We evaluate the model in two ways. Firstly, we focus just on the predictive component. In the predictive setting we are in, we would like to minimize the difference between players’ actual scores and their predicted scores generated by the model. A simple summary measure is the mean-squared prediction error, defined as:

$\frac{1}{n} \sum_{i} (Score_{i} - Predicted_{i})^{2}$

where $i$ is indexing the unit of observation (a specific year-tournament-round-player observation), and $n$ is the sample size. The smaller is the mean-squared prediction error, the better our model is fitting the data. It is important to evaluate the model using data that was not used to estimate the model (for reasons such as “overfitting”). In practice, overfitting is likely not an issue in this setting simply because we cannot explain that much of the variation in daily scores with the model. We estimate the model only using data for 2005-2015, and evaluate the model using data for 2016. The choice of which regressors to include in the regressions, as well as the most appropriate choice of threshold level, is informed by their respective effects on the mean-squared prediction error.

The second method through which we evaluate the model is what has been termed “calibration” among certain forecasting pundits. Given that our model generates probabilistic forecasts (i.e. Player “A” has a 2.6 % chance of winning this event) it should be the case that the forecasts actually match up with reality. That is, when the model says an event should happen “x” percent of the time, we would hope that in reality this event does happen roughly “x” percent of the time. The main limitation to this method of evaluation is sample size. If the model is predicting certain events to happen only a small percentage of the time, then we need to have many predictions that fall into this range to get an accurate sense of how closely the model matches reality. Using the 2016 data, we have 5625 observations at our disposal (this is the number of tournaments * field size). We group predictions for our four outcomes of interest (winning, top 5, top 25, cut) into small categories defined by their probability of occurrence (ex: 0% < Prob(Win) < 3%, or 42% < Prob(Made Cut) < 45%). Then, for those players with predictions that fell into a certain category, we calculate what the actual probability turned out to be. For example, in 2016, the model predicted a win probability (for a player at a tournament) between 3% – 6% 149 times. The actual win probability for this group of players in 2016 was 4% – therefore the model did quite well in this instance. In general, the categories for which we have a large number of predictions (for example, many players have predicted win probabilities in the range of 0%-2%, or cut probabilities in the range of 50%-52%), the model forecasts match the data quite nicely.

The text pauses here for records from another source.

lemma mpoly_fun_coord_mult:
  assumes "mpoly_fun d F" "j < d" shows "mpoly_fun d (\<lambda>z. z j * F z)"
proof -
  obtain b where b: "mpoly d b" "\<And>z. F z = mpeval d b z"
    using assms unfolding mpoly_fun_def by blast
  define S where "S = {\<alpha>. b \<alpha> \<noteq> 0}"
  define sh where "sh = (\<lambda>\<alpha>::nat\<Rightarrow>nat. \<alpha>(j := Suc (\<alpha> j)))"
  define b' where "b' = (\<lambda>\<beta>. if 0 < \<beta> j then b (\<beta>(j := \<beta> j - 1)) else 0)"
  have inj: "inj sh" unfolding sh_def inj_def
    by (metis Suc_inject fun_upd_apply fun_upd_idem_iff fun_upd_upd)
  have b'_sh: "b' (sh \<alpha>) = b \<alpha>" for \<alpha> unfolding b'_def sh_def by auto
  have supp: "{\<beta>. b' \<beta> \<noteq> 0} = sh ` S"
  proof safe
    fix \<beta> assume "b' \<beta> \<noteq> 0"
    then have "0 < \<beta> j" "b (\<beta>(j := \<beta> j - 1)) \<noteq> 0" unfolding b'_def by (auto split: if_splits)
    then show "\<beta> \<in> sh ` S" unfolding S_def sh_def
      by (intro image_eqI[of _ _ "\<beta>(j := \<beta> j - 1)"]) auto
  qed (auto simp: b'_sh S_def)
  have "mpoly d b'" unfolding mpoly_def
  proof (intro conjI allI impI)
    show "finite {\<beta>. b' \<beta> \<noteq> 0}" unfolding supp S_def using mpoly_finite_support[OF b(1)] by simp
    fix \<beta> i assume "b' \<beta> \<noteq> 0" "d \<le> i"
    then obtain \<alpha> where "b \<alpha> \<noteq> 0" "\<beta> = sh \<alpha>" using supp S_def by auto
    then show "\<beta> i = 0" using b(1) assms(2) \<open>d \<le> i\<close> unfolding mpoly_def sh_def by auto
  qed
  moreover have "z j * F z = mpeval d b' z" for z
  proof -
    have "mpeval d b' z = (\<Sum>\<beta>\<in>sh ` S. b' \<beta> * mmon d \<beta> z)"
      unfolding mpeval_mmon supp ..
    also have "\<dots> = (\<Sum>\<alpha>\<in>S. b' (sh \<alpha>) * mmon d (sh \<alpha>) z)"
      using inj by (simp add: sum.reindex inj_on_subset)
    also have "\<dots> = (\<Sum>\<alpha>\<in>S. b \<alpha> * (z j * mmon d \<alpha> z))"
      by (simp only: b'_sh) (simp add: sh_def mmon_incr_exponent[OF assms(2)])
    also have "\<dots> = z j * F z"
      unfolding b(2) mpeval_mmon S_def by (simp add: sum_distrib_left algebra_simps)
    finally show ?thesis by simp
  qed
  ultimately show ?thesis unfolding mpoly_fun_def by blast
qed

lemma mpoly_fun_prod_translate:
  assumes "k \<le> d" shows "mpoly_fun d (\<lambda>z. \<Prod>i<k. (u i - z i) ^ \<alpha> i)"
  using assms
proof (induction k)
  case 0
  show ?case using mpoly_fun_const[of d 1] by simp
next
  case (Suc k)
  have "mpoly_fun d (\<lambda>z. (\<Prod>i<k. (u i - z i) ^ \<alpha> i) * (u k - z k) ^ n)" for n
  proof (induction n)
    case 0
    then show ?case using Suc by simp
  next
    case (Suc n)
    have "mpoly_fun d (\<lambda>z. u k * G z + (-1) * (z k * G z))" if "mpoly_fun d G" for G
      using that \<open>Suc k \<le> d\<close> by (intro mpoly_fun_add mpoly_fun_scale mpoly_fun_coord_mult) auto
    from this[OF Suc.IH] show ?case by (simp add: algebra_simps)
  qed
  then show ?case by simp
qed

lemma mpoly_fun_translate:
  assumes "mpoly d q"
  shows "mpoly_fun d (\<lambda>\<zeta>. mpeval d q (\<lambda>i. u i - \<zeta> i))"
  unfolding mpeval_def
proof (rule mpoly_fun_sum[OF mpoly_finite_support[OF assms]])
  fix \<alpha>
  show "mpoly_fun d (\<lambda>\<zeta>. q \<alpha> * (\<Prod>i<d. (u i - \<zeta> i) ^ \<alpha> i))"
    by (rule mpoly_fun_scale[OF mpoly_fun_prod_translate]) simp
qed

definition homogeneous_part :: "nat \<Rightarrow> nat \<Rightarrow> ((nat \<Rightarrow> nat) \<Rightarrow> complex) \<Rightarrow> (nat \<Rightarrow> nat) \<Rightarrow> complex" where
  "homogeneous_part d k b = (\<lambda>\<alpha>. if mdeg d \<alpha> = k then b \<alpha> else 0)"

definition coeff_bound :: "nat \<Rightarrow> ((nat \<Rightarrow> nat) \<Rightarrow> complex) \<Rightarrow> real \<Rightarrow> real" where
  "coeff_bound d b K = (\<Sum>\<alpha>\<in>{\<alpha>. b \<alpha> \<noteq> 0}. cmod (b \<alpha>) * K ^ mdeg d \<alpha>)"

lemma mpoly_homogeneous_part:
  assumes "mpoly d b" shows "mpoly d (homogeneous_part d k b)"
  unfolding mpoly_def
proof (intro conjI allI impI)
  show "finite {\<alpha>. homogeneous_part d k b \<alpha> \<noteq> 0}"
    by (rule finite_subset[OF _ mpoly_finite_support[OF assms]]) (auto simp: homogeneous_part_def)
  fix \<alpha> i assume "homogeneous_part d k b \<alpha> \<noteq> 0" "d \<le> i"
  then show "\<alpha> i = 0" using assms unfolding mpoly_def homogeneous_part_def by (simp split: if_splits)
qed

lemma coeff_bound_nonneg: "0 \<le> K \<Longrightarrow> 0 \<le> coeff_bound d b K"
  unfolding coeff_bound_def by (intro sum_nonneg) auto

lemma mmon_scale: "mmon d \<alpha> (\<lambda>i. t * w i) = t ^ mdeg d \<alpha> * mmon d \<alpha> w"
  unfolding mmon_def mdeg_def by (simp add: power_mult_distrib prod.distrib power_sum)

lemma norm_mmon_le:
  assumes "\<And>i. i < d \<Longrightarrow> cmod (w i) \<le> K"
  shows "cmod (mmon d \<alpha> w) \<le> K ^ mdeg d \<alpha>"
proof -
  have "cmod (mmon d \<alpha> w) = (\<Prod>i<d. cmod (w i) ^ \<alpha> i)"
    unfolding mmon_def by (simp add: prod_norm[symmetric] norm_power)
  also have "\<dots> \<le> (\<Prod>i<d. K ^ \<alpha> i)"
    by (intro prod_mono conjI power_mono assms) auto
  also have "\<dots> = K ^ mdeg d \<alpha>" unfolding mdeg_def by (simp add: power_sum)
  finally show ?thesis .
qed

lemma mpeval_homogeneous_part_scale:
  "mpeval d (homogeneous_part d k b) (\<lambda>i. t * w i) = t ^ k * mpeval d (homogeneous_part d k b) w"
  unfolding mpeval_mmon mmon_scale sum_distrib_left
  by (rule sum.cong) (auto simp: homogeneous_part_def split: if_splits)

lemma norm_mpeval_scale_le:
  assumes "finite {\<alpha>. b \<alpha> \<noteq> 0}" and van: "\<forall>\<beta>. mdeg d \<beta> < k \<longrightarrow> b \<beta> = 0"
    and t: "cmod t \<le> 1" and w: "\<And>i. i < d \<Longrightarrow> cmod (w i) \<le> K"
  shows "cmod (mpeval d b (\<lambda>i. t * w i)) \<le> cmod t ^ k * coeff_bound d b K"
proof -
  have "cmod (mpeval d b (\<lambda>i. t * w i))
      \<le> (\<Sum>\<alpha>\<in>{\<alpha>. b \<alpha> \<noteq> 0}. cmod (b \<alpha> * (t ^ mdeg d \<alpha> * mmon d \<alpha> w)))"
    unfolding mpeval_mmon mmon_scale by (rule norm_sum)
  also have "\<dots> \<le> (\<Sum>\<alpha>\<in>{\<alpha>. b \<alpha> \<noteq> 0}. cmod t ^ k * (cmod (b \<alpha>) * K ^ mdeg d \<alpha>))"
  proof (rule sum_mono)
    fix \<alpha> assume "\<alpha> \<in> {\<alpha>. b \<alpha> \<noteq> 0}"
    then have "k \<le> mdeg d \<alpha>" using van not_le by auto
    then have tk: "cmod t ^ mdeg d \<alpha> \<le> cmod t ^ k"
      by (rule power_decreasing) (use t in auto)
    have "cmod (b \<alpha> * (t ^ mdeg d \<alpha> * mmon d \<alpha> w))
        = cmod (b \<alpha>) * (cmod t ^ mdeg d \<alpha> * cmod (mmon d \<alpha> w))"
      by (simp add: norm_mult norm_power)
    also have "\<dots> \<le> cmod (b \<alpha>) * (cmod t ^ k * K ^ mdeg d \<alpha>)"
      by (intro mult_left_mono mult_mono tk norm_mmon_le[OF w]) auto
    finally show "cmod (b \<alpha> * (t ^ mdeg d \<alpha> * mmon d \<alpha> w)) \<le> cmod t ^ k * (cmod (b \<alpha>) * K ^ mdeg d \<alpha>)"
      by (simp add: mult_ac)
  qed
  also have "\<dots> = cmod t ^ k * coeff_bound d b K"
    unfolding coeff_bound_def by (simp add: sum_distrib_left)
  finally show ?thesis .
qed

lemma norm_mpeval_scale_minus_homogeneous_part_le:
  assumes b: "finite {\<alpha>. b \<alpha> \<noteq> 0}" and van: "\<forall>\<beta>. mdeg d \<beta> < M \<longrightarrow> b \<beta> = 0"
    and t: "cmod t \<le> 1" and w: "\<And>i. i < d \<Longrightarrow> cmod (w i) \<le> K" and K: "0 \<le> K"
  shows "cmod (mpeval d b (\<lambda>i. t * w i) - t ^ M * mpeval d (homogeneous_part d M b) w)
    \<le> cmod t ^ (M + 1) * coeff_bound d b K"
proof -
  define r where "r = (\<lambda>\<alpha>. if mdeg d \<alpha> = M then 0 else b \<alpha>)"
  have supp_r: "{\<alpha>. r \<alpha> \<noteq> 0} \<subseteq> {\<alpha>. b \<alpha> \<noteq> 0}" by (auto simp: r_def)
  have fin_r: "finite {\<alpha>. r \<alpha> \<noteq> 0}" by (rule finite_subset[OF supp_r b])
  have fin_h: "finite {\<alpha>. homogeneous_part d M b \<alpha> \<noteq> 0}"
    by (rule finite_subset[OF _ b]) (auto simp: homogeneous_part_def)
  have "b = (\<lambda>\<alpha>. homogeneous_part d M b \<alpha> + r \<alpha>)"
    by (auto simp: homogeneous_part_def r_def)
  then have "mpeval d b (\<lambda>i. t * w i) - t ^ M * mpeval d (homogeneous_part d M b) w
      = mpeval d r (\<lambda>i. t * w i)"
    using mpeval_add[OF fin_h fin_r] by (metis add_diff_cancel_left' mpeval_homogeneous_part_scale)
  also have "cmod \<dots> \<le> cmod t ^ (M + 1) * coeff_bound d r K"
    using van by (intro norm_mpeval_scale_le fin_r t w) (auto simp: r_def)
  also have "\<dots> \<le> cmod t ^ (M + 1) * coeff_bound d b K"
  proof (rule mult_left_mono)
    have "coeff_bound d r K = (\<Sum>\<alpha>\<in>{\<alpha>. r \<alpha> \<noteq> 0}. cmod (b \<alpha>) * K ^ mdeg d \<alpha>)"
      unfolding coeff_bound_def by (rule sum.cong) (auto simp: r_def)
    also have "\<dots> \<le> coeff_bound d b K"
      unfolding coeff_bound_def using K by (intro sum_mono2[OF b supp_r]) auto
    finally show "coeff_bound d r K \<le> coeff_bound d b K" .
  qed simp
  finally show ?thesis .
qed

This note will be continually updated as we make changes to the model – it is still a work in progress.

Footnotes

1. Given the massive advances in predictive algorithms in the machine learning literature in recent years, it seems like there could be much to gain by adopting one of these more complex techniques in estimating the predicted component in our model. However (keeping in mind that my opinion is certainly not an expert one in this area), I think there is little to gain by adding complexity in this specific setting simply because there is not a great deal of variation in daily scores (our outcome variable) that can be successfully predicted. These complex algorithms are useful for uncovering highly non-linear relationships between the predictors and the outcomes (I think of image recognition using pixels as inputs as an example of this). However, I don’t think these complex non-linear relationships exist in our specific application. For that reason, linear regression (which, of course, is still quite flexible due to the possibility of including higher-order terms) appears to be sufficient for our purposes.